Thanks for the pointer about fwnode and fwnode_operations. I wasn't
aware of those. I see where you are going with this. I see a couple of
problems with this approach though:

1. How you interpret the properties of a fwnode is specific to the fw
type. The clocks DT property isn't going to have the same definition
in ACPI or some other firmware. Heck, I don't know if ACPI even has a
clocks like property. So have one function to parse all the FW types
doesn't make a lot of sense.

2. If this common code is implemented as part of driver/base/, then at
a minimum, I'll have to check if a fwnode is a DT node before I start
interpreting the properties of a device's fwnode.
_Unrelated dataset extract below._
(* Let $\boldsymbol{A}$ be the adjacency matrix of an undirected graph without self-loops on a finite vertex set $\boldsymbol{V}=\{1,\dots,N\}$. Let $\mathcal{R}_e\subset\boldsymbol{V}$ be a nonempty set of egos and $\mathcal{R}_a\subset\boldsymbol{V}\setminus\mathcal{R}_e$ a nonempty set of alters, $n_a=|\mathcal{R}_a|$, each alter $j$ having a unique recruiting ego $e(j)\in\mathcal{R}_e$ with $A_{j\,e(j)}=1$. Let $\widetilde{\boldsymbol{A}}$ have $\widetilde A_{ij}=\widetilde A_{ji}=1$ iff $i\in\mathcal{R}_a$ and $j=e(i)$ (other entries $0$), and $\widetilde F_i=\mathbb{I}\{\sum_{j\neq i}Z_j\widetilde A_{ij}>0\}$. Let $\boldsymbol{Z}\in\{0,1\}^N$ have independent components with $\Pr(Z_i=1)=p_z\,\mathbb{I}\{i\in\mathcal{R}_e\}$, $p_z\in(0,1)$. For an alter $i$, let $S_i=\sum_{j\neq i}Z_jA_{ij}$ and define the three-level exposure $F_i=0$ if $S_i=0$, $F_i=1$ if $S_i=1$, $F_i=2+$ if $S_i\ge2$. Each alter $i$ has fixed real potential outcomes $Y_i(0,0),Y_i(0,1),Y_i(0,2+)$ and observed outcome $Y_i=Y_i(0,F_i)$. Assume there is a constant $\delta$ with $Y_i(0,2+)-Y_i(0,1)=\delta[Y_i(0,1)-Y_i(0,0)]$ for all $i\in\mathcal{R}_a$. Let $S_{i,-e(i)}=\sum_{j\in\mathcal{R}_e\setminus\{e(i)\}}Z_jA_{ij}$, $\pi^*_{i,0}=\Pr(S_{i,-e(i)}=0)$, $\pi^*_{i,1}=\Pr(S_{i,-e(i)}=1)$ (over $\boldsymbol{Z}$), and assume $\pi^*_{i,0}+\pi^*_{i,1}\delta\neq0$ for all $i\in\mathcal{R}_a$. Define $$IE=\frac1{n_a}\sum_{i\in\mathcal{R}_a}[Y_i(0,1)-Y_i(0,0)],\qquad \widehat{IE}=\frac1{n_a}\sum_{i\in\mathcal{R}_a}\Big[\frac{\mathbb{I}\{\widetilde F_i=1\}Y_i}{p_z}-\frac{\mathbb{I}\{\widetilde F_i=0\}Y_i}{1-p_z}\Big],$$ $$\widehat{IE}_{adj}=\frac1{n_a}\sum_{i\in\mathcal{R}_a}\frac{1}{\pi^*_{i,0}+\pi^*_{i,1}\delta}\Big[\frac{\mathbb{I}\{\widetilde F_i=1\}Y_i}{p_z}-\frac{\mathbb{I}\{\widetilde F_i=0\}Y_i}{1-p_z}\Big].$$ Then $\mathbb{E}_{\boldsymbol{Z}}[\widehat{IE}]=\frac1{n_a}\sum_{i\in\mathcal{R}_a}(\pi^*_{i,0}+\pi^*_{i,1}\delta)[Y_i(0,1)-Y_i(0,0)]$ and $\mathbb{E}_{\boldsymbol{Z}}[\widehat{IE}_{adj}]=IE$.
   Context: Design-based setting: the network, the sample, the recruitment map and the potential outcomes are fixed; only $\boldsymbol{Z}$ is random and expectations/probabilities are over $\boldsymbol{Z}$. Alters are never treated, so their outcomes depend only on the three-level exposure. *)

theory Defs
  imports "HOL-Probability.Probability"
begin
But that means I'll
have to include linux/of.h to use is_of_node(). I don't like having
driver/base code depend on OF or platform or ACPI headers.
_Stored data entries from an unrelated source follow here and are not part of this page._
(* Let $(X,\le)$ be a poset and $E$ an equivalence relation on $X$ with ${\le}\subseteq E$. Let $\alpha:X\to X$ be an order automorphism of $(X,\le)$ and $\beta:X\to X$ a self-inverse dual order automorphism of $(X,\le)$ such that $\alpha,\beta\subseteq E$ and $\beta=\alpha\circ\beta\circ\alpha$. Then for all $n\in\omega$: (i) $\alpha^n\circ\beta$ and $\beta\circ\alpha^n$ are dual order automorphisms of $(X,\le)$; (ii) $\alpha^n\circ\beta\subseteq E$ and $\beta\circ\alpha^n\subseteq E$; (iii) $\alpha^n\circ\beta$ and $\beta\circ\alpha^n$ are self-inverse; (iv) $\alpha\circ(\alpha^n\circ\beta)\circ\alpha=\alpha^n\circ\beta$ and $\alpha\circ(\beta\circ\alpha^n)\circ\alpha=\beta\circ\alpha^n$.
   Context: Functions $X\to X$ are identified with their graphs $\{(x,\gamma(x))\}$ and composed as relations: $R\circ S=\{(x,y)\mid\exists z\,((x,z)\in R,(z,y)\in S)\}$; $\alpha^0=\mathrm{id}_X$, $\alpha^{k+1}=\alpha^k\circ\alpha$. Order automorphism: bijection with $x\le y\iff\alpha(x)\le\alpha(y)$; dual order automorphism: bijection with $x\le y\iff\beta(y)\le\beta(x)$; self-inverse: $\gamma\circ\gamma=\mathrm{id}_X$. *)

theory Defs
  imports Main
begin

text \<open>Functions are identified with their graphs; relations are composed
  with \<open>O\<close> (diagrammatic: \<open>R O S = {(x,y). \<exists>z. (x,z)\<in>R \<and> (z,y)\<in>S}\<close>),
  and powers are \<open>R ^^ n\<close> with \<open>R ^^ 0 = Id\<close>, \<open>R ^^ Suc n = R ^^ n O R\<close>.\<close>

definition graph :: "('a \<Rightarrow> 'a) \<Rightarrow> 'a rel" where
  "graph f = {(x, f x) | x. True}"

definition order_automorphism :: "('a::order \<Rightarrow> 'a) \<Rightarrow> bool" where
  "order_automorphism f \<longleftrightarrow> bij f \<and> (\<forall>x y. x \<le> y \<longleftrightarrow> f x \<le> f y)"

definition dual_order_automorphism :: "('a::order \<Rightarrow> 'a) \<Rightarrow> bool" where
  "dual_order_automorphism f \<longleftrightarrow> bij f \<and> (\<forall>x y. x \<le> y \<longleftrightarrow> f y \<le> f x)"

definition self_inverse :: "('a \<Rightarrow> 'a) \<Rightarrow> bool" where
  "self_inverse f \<longleftrightarrow> graph f O graph f = Id"

end

theory Submission
  imports Defs
begin

text \<open>Everything except the order-theoretic part (i) is a calculation with the relations
  \<open>A = graph \<alpha>\<close> and \<open>B = graph \<beta>\<close> alone. Since \<open>A\<close> commutes with its powers,
  the identity \<open>B = A O B O A\<close> iterates to \<open>B = A\<^sup>n O B O A\<^sup>n\<close>; this at once gives the
  invariance (iv), and together with \<open>B O B = Id\<close> it gives
  \<open>(A\<^sup>n O B) O (A\<^sup>n O B) = B O B = Id\<close>, i.e. (iii). Part (ii) holds because \<open>E\<close>
  is reflexive and transitive, and (i) because composing a dual order automorphism with
  an order automorphism yields a dual order automorphism.\<close>

lemma graph_relcomp: "graph f O graph g = graph (g \<circ> f)"
  unfolding graph_def by auto

lemma graph_relpow: "graph f ^^ n = graph (f ^^ n)"
proof (induction n)
  case 0
  show ?case by (auto simp: graph_def)
next
  case (Suc n)
  then show ?case by (simp add: graph_relcomp funpow_swap1 comp_def)
qed

lemma order_automorphism_comp:
  assumes "order_automorphism f" and "order_automorphism g"
  shows "order_automorphism (f \<circ> g)"
proof -
  from assms have "bij f" "bij g"
    and f: "\<And>x y. f x \<le> f y \<longleftrightarrow> x \<le> y" and g: "\<And>x y. g x \<le> g y \<longleftrightarrow> x \<le> y"
    unfolding order_automorphism_def by blast+
  then show ?thesis
    unfolding order_automorphism_def by (simp add: bij_comp f g)
qed

lemma order_automorphism_funpow:
  "order_automorphism f \<Longrightarrow> order_automorphism (f ^^ n)"
proof (induction n)
  case 0
  show ?case by (simp add: order_automorphism_def bij_id[unfolded id_def])
next
  case (Suc n)
  then have "order_automorphism (f ^^ n)" by simp
  then show ?case unfolding funpow.simps(2) by (rule order_automorphism_comp[OF Suc.prems])
qed

lemma dual_order_automorphism_comp:
  assumes "dual_order_automorphism g" and "order_automorphism f"
  shows "dual_order_automorphism (g \<circ> f)" and "dual_order_automorphism (f \<circ> g)"
proof -
  from assms have "bij f" "bij g"
    and f: "\<And>x y. f x \<le> f y \<longleftrightarrow> x \<le> y" and g: "\<And>x y. g y \<le> g x \<longleftrightarrow> x \<le> y"
    unfolding order_automorphism_def dual_order_automorphism_def by blast+
  then show "dual_order_automorphism (g \<circ> f)" "dual_order_automorphism (f \<circ> g)"
    unfolding dual_order_automorphism_def by (simp_all add: bij_comp f g)
qed

lemma relpow_subset_refl_trans:
  assumes "refl E" and "trans E" and "R \<subseteq> E"
  shows "R ^^ n \<subseteq> E"
proof (induction n)
  case 0
  show ?case using assms(1) by (auto dest: refl_onD)
next
  case (Suc n)
  then have "R ^^ Suc n \<subseteq> E O E"
    using assms(3) by (simp add: relcomp_mono)
  also have "\<dots> \<subseteq> E" using assms(2) by (rule trans_O_subset)
  finally show ?case .
qed

lemma relpow_sandwich_eq:
  assumes "B = A O B O A"
  shows "B = A ^^ n O B O A ^^ n"
proof (induction n)
  case 0
  show ?case by simp
next
  case (Suc n)
  have "A ^^ Suc n O B O A ^^ Suc n = A ^^ n O (A O B O A) O A ^^ n"
    by (simp add: relpow_commute O_assoc)
  also have "\<dots> = B" by (simp only: assms[symmetric] Suc.IH[symmetric])
  finally show ?case by simp
qed

lemma relpow_sandwich_relcomp_eq:
  assumes "B = A O B O A"
  shows "A O (A ^^ n O B) O A = A ^^ n O B" and "A O (B O A ^^ n) O A = B O A ^^ n"
proof -
  have "A O (A ^^ n O B) O A = (A O A ^^ n) O B O A" by (simp add: O_assoc)
  also have "\<dots> = A ^^ n O (A O B O A)" by (simp add: relpow_commute O_assoc)
  also have "\<dots> = A ^^ n O B" by (simp only: assms[symmetric])
  finally show "A O (A ^^ n O B) O A = A ^^ n O B" .
  have "A O (B O A ^^ n) O A = A O B O (A ^^ n O A)" by (simp add: O_assoc)
  also have "\<dots> = (A O B O A) O A ^^ n" by (simp add: relpow_commute O_assoc)
  also have "\<dots> = B O A ^^ n" by (simp only: assms[symmetric])
  finally show "A O (B O A ^^ n) O A = B O A ^^ n" .
qed

lemma relcomp_involutive_if_sandwich_eq:
  assumes "B O B = Id" and "B = P O B O P"
  shows "(P O B) O (P O B) = Id" and "(B O P) O (B O P) = Id"
proof -
  have "(P O B) O (P O B) = (P O B O P) O B" by (simp add: O_assoc)
  then show "(P O B) O (P O B) = Id" by (simp only: assms(1) assms(2)[symmetric])
  have "(B O P) O (B O P) = B O (P O B O P)" by (simp add: O_assoc)
  then show "(B O P) O (B O P) = Id" by (simp only: assms(1) assms(2)[symmetric])
qed

theorem lemma3p19:
  fixes E :: "('a::order) rel" and \<alpha> \<beta> :: "'a \<Rightarrow> 'a"
  assumes "equiv UNIV E"
    and "{(x, y). x \<le> y} \<subseteq> E"
    and "order_automorphism \<alpha>"
    and "dual_order_automorphism \<beta>"
    and "self_inverse \<beta>"
    and "graph \<alpha> \<subseteq> E" and "graph \<beta> \<subseteq> E"
    and "graph \<beta> = graph \<alpha> O graph \<beta> O graph \<alpha>"
  shows "\<forall>n::nat.
      (\<exists>\<gamma>. graph \<gamma> = (graph \<alpha> ^^ n) O graph \<beta> \<and> dual_order_automorphism \<gamma>) \<and>
      (\<exists>\<gamma>. graph \<gamma> = graph \<beta> O (graph \<alpha> ^^ n) \<and> dual_order_automorphism \<gamma>) \<and>
      (graph \<alpha> ^^ n) O graph \<beta> \<subseteq> E \<and>
      graph \<beta> O (graph \<alpha> ^^ n) \<subseteq> E \<and>
      (\<exists>\<gamma>. graph \<gamma> = (graph \<alpha> ^^ n) O graph \<beta> \<and> self_inverse \<gamma>) \<and>
      (\<exists>\<gamma>. graph \<gamma> = graph \<beta> O (graph \<alpha> ^^ n) \<and> self_inverse \<gamma>) \<and>
      graph \<alpha> O ((graph \<alpha> ^^ n) O graph \<beta>) O graph \<alpha> = (graph \<alpha> ^^ n) O graph \<beta> \<and>
      graph \<alpha> O (graph \<beta> O (graph \<alpha> ^^ n)) O graph \<alpha> = graph \<beta> O (graph \<alpha> ^^ n)"
proof -
  have graph_left: "graph (\<beta> \<circ> \<alpha> ^^ n) = graph \<alpha> ^^ n O graph \<beta>"
    and graph_right: "graph (\<alpha> ^^ n \<circ> \<beta>) = graph \<beta> O graph \<alpha> ^^ n" for n
    by (simp_all add: graph_relpow graph_relcomp)
  have dual: "dual_order_automorphism (\<beta> \<circ> \<alpha> ^^ n)" "dual_order_automorphism (\<alpha> ^^ n \<circ> \<beta>)" for n
    using dual_order_automorphism_comp[OF assms(4) order_automorphism_funpow[OF assms(3)]] .
  have "refl E" "trans E" using assms(1) by (simp_all add: equiv_def)
  have sub: "graph \<alpha> ^^ n O graph \<beta> \<subseteq> E" "graph \<beta> O graph \<alpha> ^^ n \<subseteq> E" for n
  proof -
    have "graph \<alpha> ^^ n \<subseteq> E" using \<open>refl E\<close> \<open>trans E\<close> assms(6) by (rule relpow_subset_refl_trans)
    with assms(7) trans_O_subset[OF \<open>trans E\<close>]
    show "graph \<alpha> ^^ n O graph \<beta> \<subseteq> E" "graph \<beta> O graph \<alpha> ^^ n \<subseteq> E"
      by (meson relcomp_mono order_trans)+
  qed
  have "graph \<beta> O graph \<beta> = Id" using assms(5) unfolding self_inverse_def .
  from relcomp_involutive_if_sandwich_eq[OF this relpow_sandwich_eq[OF assms(8)]]
  have inv: "self_inverse (\<beta> \<circ> \<alpha> ^^ n)" "self_inverse (\<alpha> ^^ n \<circ> \<beta>)" for n
    unfolding self_inverse_def graph_left graph_right .
  show ?thesis
    using dual sub inv
    unfolding relpow_sandwich_relcomp_eq[OF assms(8)]
    unfolding graph_left[symmetric] graph_right[symmetric]
    by blast
qed

end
3. The supplier info doesn't always need to come from a firmware. So I
don't want to limit it to that?

Also, I don't necessarily see this as conflating firmware (DT, ACPI,
etc) with the bus (platform bus, ACPI bus, PCI bus). Whoever creates
the device seems like the entity best suited to figure out the
suppliers of the device (apart from the driver, obviously). So the bus
deciding the suppliers doesn't seem wrong to me.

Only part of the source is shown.